▶ **What the task requires**: Bring together copies of the lines in the data below that contain the word "thesis".

▶ **Available records**:
(* Fix $\alpha>0$, $\gamma\in(0,1)$, a constant $\bar\rho_i>0$, a finite nonempty multiset $D_{\rho_i}$ of samples $x=(s,a_i,\mathbf{a}_{-i},s')$ with $s,s'\in S$, and a distribution $p_0$ on $S$. For $\nu_i:S\to\mathbb{R}$ let $$\hat e_{\nu_i}(x)=r(s,a_i,\mathbf{a}_{-i})-\alpha\log\frac{\boldsymbol{\pi}_{-i}(\mathbf{a}_{-i}\mid s)}{\boldsymbol{\pi}^D_{-i}(\mathbf{a}_{-i}\mid s,a_i)}+\gamma\nu_i(s')-\nu_i(s),$$ $$L(\nu_i):=\bar\rho_i\,\alpha\,\hat{\mathbf{E}}_{x\in D_{\rho_i}}\Big[\exp\Big(\tfrac1\alpha\hat e_{\nu_i}(x)-1\Big)\Big]+(1-\gamma)\mathbb{E}_{s_0\sim p_0}[\nu_i(s_0)],$$ $$\tilde{\mathcal{L}}(\nu_i):=\alpha\log\Big(\bar\rho_i\,\hat{\mathbf{E}}_{x\in D_{\rho_i}}\Big[\exp\Big(\tfrac1\alpha\hat e_{\nu_i}(x)\Big)\Big]\Big)+(1-\gamma)\mathbb{E}_{s_0\sim p_0}[\nu_i(s_0)].$$ Let $V^*=\arg\min_{\nu_i}L(\nu_i)$ and $\tilde V^*=\arg\min_{\nu_i}\tilde{\mathcal{L}}(\nu_i)$ be the sets of minimizers. Then $L(\nu_i^* )=\tilde{\mathcal{L}}(\tilde\nu_i^* )$ for any $\nu_i^*\in V^*$ and $\tilde\nu_i^*\in\tilde V^*$. Also, for any $\nu_i^*\in V^*$ and any $C\in\mathbb{R}$, $\nu_i^*+C\in\tilde V^*$.
   Context: $\hat{\mathbf{E}}_{x\in D}[f(x)]:=\frac{1}{|D|}\sum_{x\in D}f(x)$ is the empirical average over a finite multiset $D$. $r$ is a real-valued reward; $\boldsymbol{\pi}_{-i}(\mathbf{a}_{-i}\mid s)$ and $\boldsymbol{\pi}^D_{-i}(\mathbf{a}_{-i}\mid s,a_i)$ are fixed conditional probability distributions, positive on the samples of $D_{\rho_i}$. The minimizations range over all functions $\nu_i:S\to\mathbb{R}$. *)

theory Defs
  imports "HOL-Probability.Probability"
begin

definition emp_avg :: "'x multiset \<Rightarrow> ('x \<Rightarrow> real) \<Rightarrow> real" where
  "emp_avg D f = (\<Sum>x\<in>#D. f x) / real (size D)"

definition argmin_set :: "('x \<Rightarrow> real) \<Rightarrow> 'x set \<Rightarrow> 'x set" where
  "argmin_set F A = {x \<in> A. \<forall>y\<in>A. F x \<le> F y}"

definition e_hat ::
  "real \<Rightarrow> real \<Rightarrow> ('s \<Rightarrow> 'a \<Rightarrow> 'b \<Rightarrow> real) \<Rightarrow> ('s \<Rightarrow> 'b pmf) \<Rightarrow> ('s \<Rightarrow> 'a \<Rightarrow> 'b pmf)
   \<Rightarrow> ('s \<Rightarrow> real) \<Rightarrow> 's \<times> 'a \<times> 'b \<times> 's \<Rightarrow> real" where
  "e_hat \<alpha> \<gamma> r pim piD \<nu> x = (case x of (s, ai, am, s') \<Rightarrow>
     r s ai am - \<alpha> * ln (pmf (pim s) am / pmf (piD s ai) am) + \<gamma> * \<nu> s' - \<nu> s)"

definition L_obj ::
  "real \<Rightarrow> real \<Rightarrow> real \<Rightarrow> ('s \<times> 'a \<times> 'b \<times> 's) multiset \<Rightarrow> 's pmf
   \<Rightarrow> ('s \<Rightarrow> 'a \<Rightarrow> 'b \<Rightarrow> real) \<Rightarrow> ('s \<Rightarrow> 'b pmf) \<Rightarrow> ('s \<Rightarrow> 'a \<Rightarrow> 'b pmf)
   \<Rightarrow> ('s \<Rightarrow> real) \<Rightarrow> real" where
  "L_obj \<alpha> \<gamma> \<rho> D p0 r pim piD \<nu> =
     \<rho> * \<alpha> * emp_avg D (\<lambda>x. exp (e_hat \<alpha> \<gamma> r pim piD \<nu> x / \<alpha> - 1))
     + (1 - \<gamma>) * measure_pmf.expectation p0 \<nu>"

definition Ltilde_obj ::
  "real \<Rightarrow> real \<Rightarrow> real \<Rightarrow> ('s \<times> 'a \<times> 'b \<times> 's) multiset \<Rightarrow> 's pmf
   \<Rightarrow> ('s \<Rightarrow> 'a \<Rightarrow> 'b \<Rightarrow> real) \<Rightarrow> ('s \<Rightarrow> 'b pmf) \<Rightarrow> ('s \<Rightarrow> 'a \<Rightarrow> 'b pmf)
   \<Rightarrow> ('s \<Rightarrow> real) \<Rightarrow> real" where
  "Ltilde_obj \<alpha> \<gamma> \<rho> D p0 r pim piD \<nu> =
     \<alpha> * ln (\<rho> * emp_avg D (\<lambda>x. exp (e_hat \<alpha> \<gamma> r pim piD \<nu> x / \<alpha>)))
     + (1 - \<gamma>) * measure_pmf.expectation p0 \<nu>"

end

theory Submission
  imports Defs
begin

text \<open>
  Write \<open>Z \<nu>\<close> for \<open>\<rho>\<close> times the empirical mean of \<open>exp (e_hat \<nu> x / \<alpha>)\<close> and
  \<open>E \<nu>\<close> for the \<open>p\<^sub>0\<close>-mean of \<open>\<nu>\<close>. Then \<open>L \<nu> = \<alpha> Z \<nu> / e + (1 - \<gamma>) E \<nu>\<close> and
  \<open>L\<^sup>~ \<nu> = \<alpha> ln (Z \<nu>) + (1 - \<gamma>) E \<nu>\<close>, so \<open>L\<^sup>~ \<le> L\<close> by \<open>ln z \<le> z / e\<close>.
  Adding a constant \<open>C\<close> to \<open>\<nu>\<close> multiplies \<open>Z \<nu>\<close> by \<open>exp (-(1 - \<gamma>) C / \<alpha>)\<close> and
  adds \<open>C\<close> to \<open>E \<nu>\<close>: hence \<open>L\<^sup>~\<close> is shift invariant, and a suitable shift brings
  \<open>Z \<nu>\<close> to \<open>e\<close>, where \<open>L\<close> and \<open>L\<^sup>~\<close> agree. So \<open>L\<^sup>~\<close> is the lower envelope of \<open>L\<close>
  along shifts, and both claims follow from an abstract fact about minimizers.
\<close>

lemma argmin_set_eq_min_of_attained_lower_bound:
  assumes "\<And>x. x \<in> A \<Longrightarrow> G x \<le> F x"
    and "\<And>x. x \<in> A \<Longrightarrow> \<exists>y\<in>A. F y \<le> G x"
    and "x \<in> argmin_set F A" and "y \<in> argmin_set G A"
  shows "F x = G y"
proof -
  obtain y' where "y' \<in> A" "F y' \<le> G y"
    using assms(2,4) unfolding argmin_set_def by blast
  then have "F x \<le> G y"
    using assms(3) unfolding argmin_set_def by fastforce
  moreover have "G y \<le> F x"
    using assms(1,3,4) unfolding argmin_set_def by fastforce
  ultimately show ?thesis by simp
qed

lemma argmin_set_subset_of_attained_lower_bound:
  assumes "\<And>x. x \<in> A \<Longrightarrow> G x \<le> F x"
    and "\<And>x. x \<in> A \<Longrightarrow> \<exists>y\<in>A. F y \<le> G x"
  shows "argmin_set F A \<subseteq> argmin_set G A"
proof
  fix x assume x: "x \<in> argmin_set F A"
  have "G x \<le> G z" if "z \<in> A" for z
  proof -
    obtain y where "y \<in> A" "F y \<le> G z" using assms(2) \<open>z \<in> A\<close> by blast
    moreover have "G x \<le> F x" using assms(1) x unfolding argmin_set_def by blast
    ultimately show ?thesis using x unfolding argmin_set_def by fastforce
  qed
  then show "x \<in> argmin_set G A" using x unfolding argmin_set_def by blast
qed

lemma argmin_set_invariant:
  assumes "x \<in> argmin_set G A" and "f x \<in> A" and "G (f x) = G x"
  shows "f x \<in> argmin_set G A"
  using assms unfolding argmin_set_def by simp

lemma ln_le_mult_exp_minus_one:
  fixes z :: real
  assumes "0 < z"
  shows "ln z \<le> exp (-1) * z"
proof -
  have "ln (exp (-1) * z) \<le> exp (-1) * z - 1"
    using assms by (intro ln_le_minus_one) simp
  then show ?thesis using assms by (simp add: ln_mult)
qed

lemma sum_mset_pos:
  fixes f :: "'x \<Rightarrow> 'b :: ordered_comm_monoid_add"
  assumes "M \<noteq> {#}" and "\<And>x. x \<in># M \<Longrightarrow> 0 < f x"
  shows "0 < (\<Sum>x\<in>#M. f x)"
  using assms
proof (induction M)
  case empty
  then show ?case by simp
next
  case (add x M)
  then show ?case
    by (cases "M = {#}") (simp_all add: add_pos_pos)
qed

lemma emp_avg_pos:
  assumes "D \<noteq> {#}" and "\<And>x. x \<in># D \<Longrightarrow> 0 < f x"
  shows "0 < emp_avg D f"
  using sum_mset_pos[OF assms] assms(1) unfolding emp_avg_def by (simp add: nonempty_has_size)

lemma emp_avg_cmult: "emp_avg D (\<lambda>x. c * f x) = c * emp_avg D f"
  unfolding emp_avg_def by (simp add: sum_mset_distrib_left)

lemma e_hat_shift:
  "e_hat \<alpha> \<gamma> r pim piD (\<lambda>s. \<nu> s + C) x = e_hat \<alpha> \<gamma> r pim piD \<nu> x - (1 - \<gamma>) * C"
  unfolding e_hat_def by (cases x) (simp add: algebra_simps)

lemma pmf_expectation_add_const:
  fixes \<nu> :: "'s \<Rightarrow> real"
  assumes "integrable (measure_pmf p) \<nu>"
  shows "measure_pmf.expectation p (\<lambda>s. \<nu> s + C) = measure_pmf.expectation p \<nu> + C"
  using assms by (simp add: measure_pmf.prob_space)

definition exp_residual_mass ::
  "real \<Rightarrow> real \<Rightarrow> real \<Rightarrow> ('s \<times> 'a \<times> 'b \<times> 's) multiset
   \<Rightarrow> ('s \<Rightarrow> 'a \<Rightarrow> 'b \<Rightarrow> real) \<Rightarrow> ('s \<Rightarrow> 'b pmf) \<Rightarrow> ('s \<Rightarrow> 'a \<Rightarrow> 'b pmf)
   \<Rightarrow> ('s \<Rightarrow> real) \<Rightarrow> real" where
  "exp_residual_mass \<alpha> \<gamma> \<rho> D r pim piD \<nu> =
     \<rho> * emp_avg D (\<lambda>x. exp (e_hat \<alpha> \<gamma> r pim piD \<nu> x / \<alpha>))"

lemma exp_residual_mass_pos:
  assumes "0 < \<rho>" and "D \<noteq> {#}"
  shows "0 < exp_residual_mass \<alpha> \<gamma> \<rho> D r pim piD \<nu>"
  unfolding exp_residual_mass_def using assms by (simp add: emp_avg_pos)

lemma exp_residual_mass_shift:
  "exp_residual_mass \<alpha> \<gamma> \<rho> D r pim piD (\<lambda>s. \<nu> s + C) =
     exp (- ((1 - \<gamma>) * C / \<alpha>)) * exp_residual_mass \<alpha> \<gamma> \<rho> D r pim piD \<nu>"
proof -
  have "exp (e_hat \<alpha> \<gamma> r pim piD (\<lambda>s. \<nu> s + C) x / \<alpha>) =
          exp (- ((1 - \<gamma>) * C / \<alpha>)) * exp (e_hat \<alpha> \<gamma> r pim piD \<nu> x / \<alpha>)" for x
    by (simp add: e_hat_shift diff_divide_distrib flip: exp_add)
  then show ?thesis
    unfolding exp_residual_mass_def by (simp add: emp_avg_cmult)
qed

lemma L_obj_eq:
  "L_obj \<alpha> \<gamma> \<rho> D p0 r pim piD \<nu> =
     \<alpha> * exp (-1) * exp_residual_mass \<alpha> \<gamma> \<rho> D r pim piD \<nu>
     + (1 - \<gamma>) * measure_pmf.expectation p0 \<nu>"
proof -
  have "exp (e_hat \<alpha> \<gamma> r pim piD \<nu> x / \<alpha> - 1) =
          exp (-1) * exp (e_hat \<alpha> \<gamma> r pim piD \<nu> x / \<alpha>)" for x
    by (simp add: exp_diff exp_minus field_simps)
  then show ?thesis
    unfolding L_obj_def exp_residual_mass_def by (simp add: emp_avg_cmult)
qed

lemma Ltilde_obj_eq:
  "Ltilde_obj \<alpha> \<gamma> \<rho> D p0 r pim piD \<nu> =
     \<alpha> * ln (exp_residual_mass \<alpha> \<gamma> \<rho> D r pim piD \<nu>)
     + (1 - \<gamma>) * measure_pmf.expectation p0 \<nu>"
  unfolding Ltilde_obj_def exp_residual_mass_def ..

lemma Ltilde_obj_le_L_obj:
  assumes "0 < \<alpha>" and "0 < \<rho>" and "D \<noteq> {#}"
  shows "Ltilde_obj \<alpha> \<gamma> \<rho> D p0 r pim piD \<nu> \<le> L_obj \<alpha> \<gamma> \<rho> D p0 r pim piD \<nu>"
  using ln_le_mult_exp_minus_one[OF exp_residual_mass_pos[OF assms(2,3)]] assms(1)
  unfolding L_obj_eq Ltilde_obj_eq by simp

lemma Ltilde_obj_shift:
  assumes "0 < \<alpha>" and "0 < \<rho>" and "D \<noteq> {#}"
    and "integrable (measure_pmf p0) \<nu>"
  shows "Ltilde_obj \<alpha> \<gamma> \<rho> D p0 r pim piD (\<lambda>s. \<nu> s + C) = Ltilde_obj \<alpha> \<gamma> \<rho> D p0 r pim piD \<nu>"
  using exp_residual_mass_pos[OF assms(2,3), of \<alpha> \<gamma> r pim piD \<nu>] assms(1)
  unfolding Ltilde_obj_eq exp_residual_mass_shift pmf_expectation_add_const[OF assms(4)]
  by (simp add: ln_mult field_simps)

lemma L_obj_shift_eq_Ltilde_obj:
  assumes "0 < \<alpha>" and "\<gamma> < 1" and "0 < \<rho>" and "D \<noteq> {#}"
    and "integrable (measure_pmf p0) \<nu>"
  shows "\<exists>C. L_obj \<alpha> \<gamma> \<rho> D p0 r pim piD (\<lambda>s. \<nu> s + C) = Ltilde_obj \<alpha> \<gamma> \<rho> D p0 r pim piD \<nu>"
proof
  let ?Z = "exp_residual_mass \<alpha> \<gamma> \<rho> D r pim piD \<nu>"
  define C where "C = \<alpha> * (ln ?Z - 1) / (1 - \<gamma>)"
  have C: "(1 - \<gamma>) * C = \<alpha> * (ln ?Z - 1)"
    unfolding C_def using assms(2) by simp
  have "(1 - \<gamma>) * C / \<alpha> = ln ?Z - 1"
    using assms(1) by (simp add: C)
  then have unit: "exp (-1) * exp (- ((1 - \<gamma>) * C / \<alpha>)) * ?Z = 1"
    using exp_residual_mass_pos[OF assms(3,4), of \<alpha> \<gamma> r pim piD \<nu>]
    by (simp add: exp_diff exp_minus)
  have "L_obj \<alpha> \<gamma> \<rho> D p0 r pim piD (\<lambda>s. \<nu> s + C) =
          \<alpha> * (exp (-1) * exp (- ((1 - \<gamma>) * C / \<alpha>)) * ?Z)
          + (1 - \<gamma>) * measure_pmf.expectation p0 \<nu> + (1 - \<gamma>) * C"
    unfolding L_obj_eq exp_residual_mass_shift pmf_expectation_add_const[OF assms(5)]
    by (simp add: algebra_simps)
  also have "\<dots> = Ltilde_obj \<alpha> \<gamma> \<rho> D p0 r pim piD \<nu>"
    unfolding unit unfolding C Ltilde_obj_eq by (simp add: algebra_simps)
  finally show "L_obj \<alpha> \<gamma> \<rho> D p0 r pim piD (\<lambda>s. \<nu> s + C) = Ltilde_obj \<alpha> \<gamma> \<rho> D p0 r pim piD \<nu>" .
qed

lemma ex_L_obj_le_Ltilde_obj:
  assumes "0 < \<alpha>" and "\<gamma> < 1" and "0 < \<rho>" and "D \<noteq> {#}"
    and "\<nu> \<in> {\<nu>. integrable (measure_pmf p0) \<nu>}"
  shows "\<exists>\<mu>\<in>{\<mu>. integrable (measure_pmf p0) \<mu>}.
           L_obj \<alpha> \<gamma> \<rho> D p0 r pim piD \<mu> \<le> Ltilde_obj \<alpha> \<gamma> \<rho> D p0 r pim piD \<nu>"
proof -
  obtain C where "L_obj \<alpha> \<gamma> \<rho> D p0 r pim piD (\<lambda>s. \<nu> s + C) = Ltilde_obj \<alpha> \<gamma> \<rho> D p0 r pim piD \<nu>"
    using L_obj_shift_eq_Ltilde_obj[OF assms(1-4)] assms(5) by blast
  moreover have "integrable (measure_pmf p0) (\<lambda>s. \<nu> s + C)"
    using assms(5) by simp
  ultimately show ?thesis by (intro bexI) simp_all
qed

lemma argmin_set_Ltilde_obj_shift:
  assumes "0 < \<alpha>" and "0 < \<rho>" and "D \<noteq> {#}"
    and "\<nu> \<in> argmin_set (Ltilde_obj \<alpha> \<gamma> \<rho> D p0 r pim piD) {\<nu>. integrable (measure_pmf p0) \<nu>}"
  shows "(\<lambda>s. \<nu> s + C) \<in> argmin_set (Ltilde_obj \<alpha> \<gamma> \<rho> D p0 r pim piD) {\<nu>. integrable (measure_pmf p0) \<nu>}"
proof -
  have "integrable (measure_pmf p0) \<nu>"
    using assms(4) unfolding argmin_set_def by simp
  then show ?thesis
    using argmin_set_invariant[OF assms(4), of "\<lambda>\<nu> s. \<nu> s + C"] Ltilde_obj_shift[OF assms(1-3)]
    by simp
qed

theorem proposition3:
  fixes \<alpha> \<gamma> \<rho> :: real
    and D :: "('s \<times> 'a \<times> 'b \<times> 's) multiset"
    and p0 :: "'s pmf"
    and r :: "'s \<Rightarrow> 'a \<Rightarrow> 'b \<Rightarrow> real"
    and pim :: "'s \<Rightarrow> 'b pmf"
    and piD :: "'s \<Rightarrow> 'a \<Rightarrow> 'b pmf"
  assumes "\<alpha> > 0" and "0 < \<gamma>" and "\<gamma> < 1" and "\<rho> > 0"
    and "D \<noteq> {#}"
    and "\<And>s ai am s'. (s, ai, am, s') \<in># D \<Longrightarrow> pmf (pim s) am > 0 \<and> pmf (piD s ai) am > 0"
  defines "Fs \<equiv> {\<nu> :: 's \<Rightarrow> real. integrable (measure_pmf p0) \<nu>}"
  defines "Vstar \<equiv> argmin_set (L_obj \<alpha> \<gamma> \<rho> D p0 r pim piD) Fs"
    and "Vtstar \<equiv> argmin_set (Ltilde_obj \<alpha> \<gamma> \<rho> D p0 r pim piD) Fs"
  shows "(\<forall>\<nu>1\<in>Vstar. \<forall>\<nu>2\<in>Vtstar.
            L_obj \<alpha> \<gamma> \<rho> D p0 r pim piD \<nu>1 = Ltilde_obj \<alpha> \<gamma> \<rho> D p0 r pim piD \<nu>2)
       \<and> (\<forall>\<nu>\<in>Vstar. \<forall>C::real. (\<lambda>s. \<nu> s + C) \<in> Vtstar)"
proof -
  let ?L = "L_obj \<alpha> \<gamma> \<rho> D p0 r pim piD"
  let ?T = "Ltilde_obj \<alpha> \<gamma> \<rho> D p0 r pim piD"
  have le: "\<And>\<nu>. \<nu> \<in> Fs \<Longrightarrow> ?T \<nu> \<le> ?L \<nu>"
    using Ltilde_obj_le_L_obj[OF assms(1,4,5)] .
  have attained: "\<And>\<nu>. \<nu> \<in> Fs \<Longrightarrow> \<exists>\<mu>\<in>Fs. ?L \<mu> \<le> ?T \<nu>"
    unfolding Fs_def using ex_L_obj_le_Ltilde_obj[OF assms(1,3,4,5)] .
  have "?L \<nu>1 = ?T \<nu>2" if "\<nu>1 \<in> Vstar" "\<nu>2 \<in> Vtstar" for \<nu>1 \<nu>2
    using argmin_set_eq_min_of_attained_lower_bound[OF le attained] that
    unfolding Vstar_def Vtstar_def by blast
  moreover have "(\<lambda>s. \<nu> s + C) \<in> Vtstar" if "\<nu> \<in> Vstar" for \<nu> C
    using argmin_set_subset_of_attained_lower_bound[OF le attained] that
      argmin_set_Ltilde_obj_shift[OF assms(1,4,5)]
    unfolding Vstar_def Vtstar_def Fs_def by blast
  ultimately show ?thesis by blast
qed

end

▶ **Answer to the exercise**:
  ultimately show ?thesis by simp
    ultimately show ?thesis using x unfolding argmin_set_def by fastforce
  then show ?thesis using assms by (simp add: ln_mult)
  then show ?thesis
  then show ?thesis
  ultimately show ?thesis by (intro bexI) simp_all
  then show ?thesis
  ultimately show ?thesis by blast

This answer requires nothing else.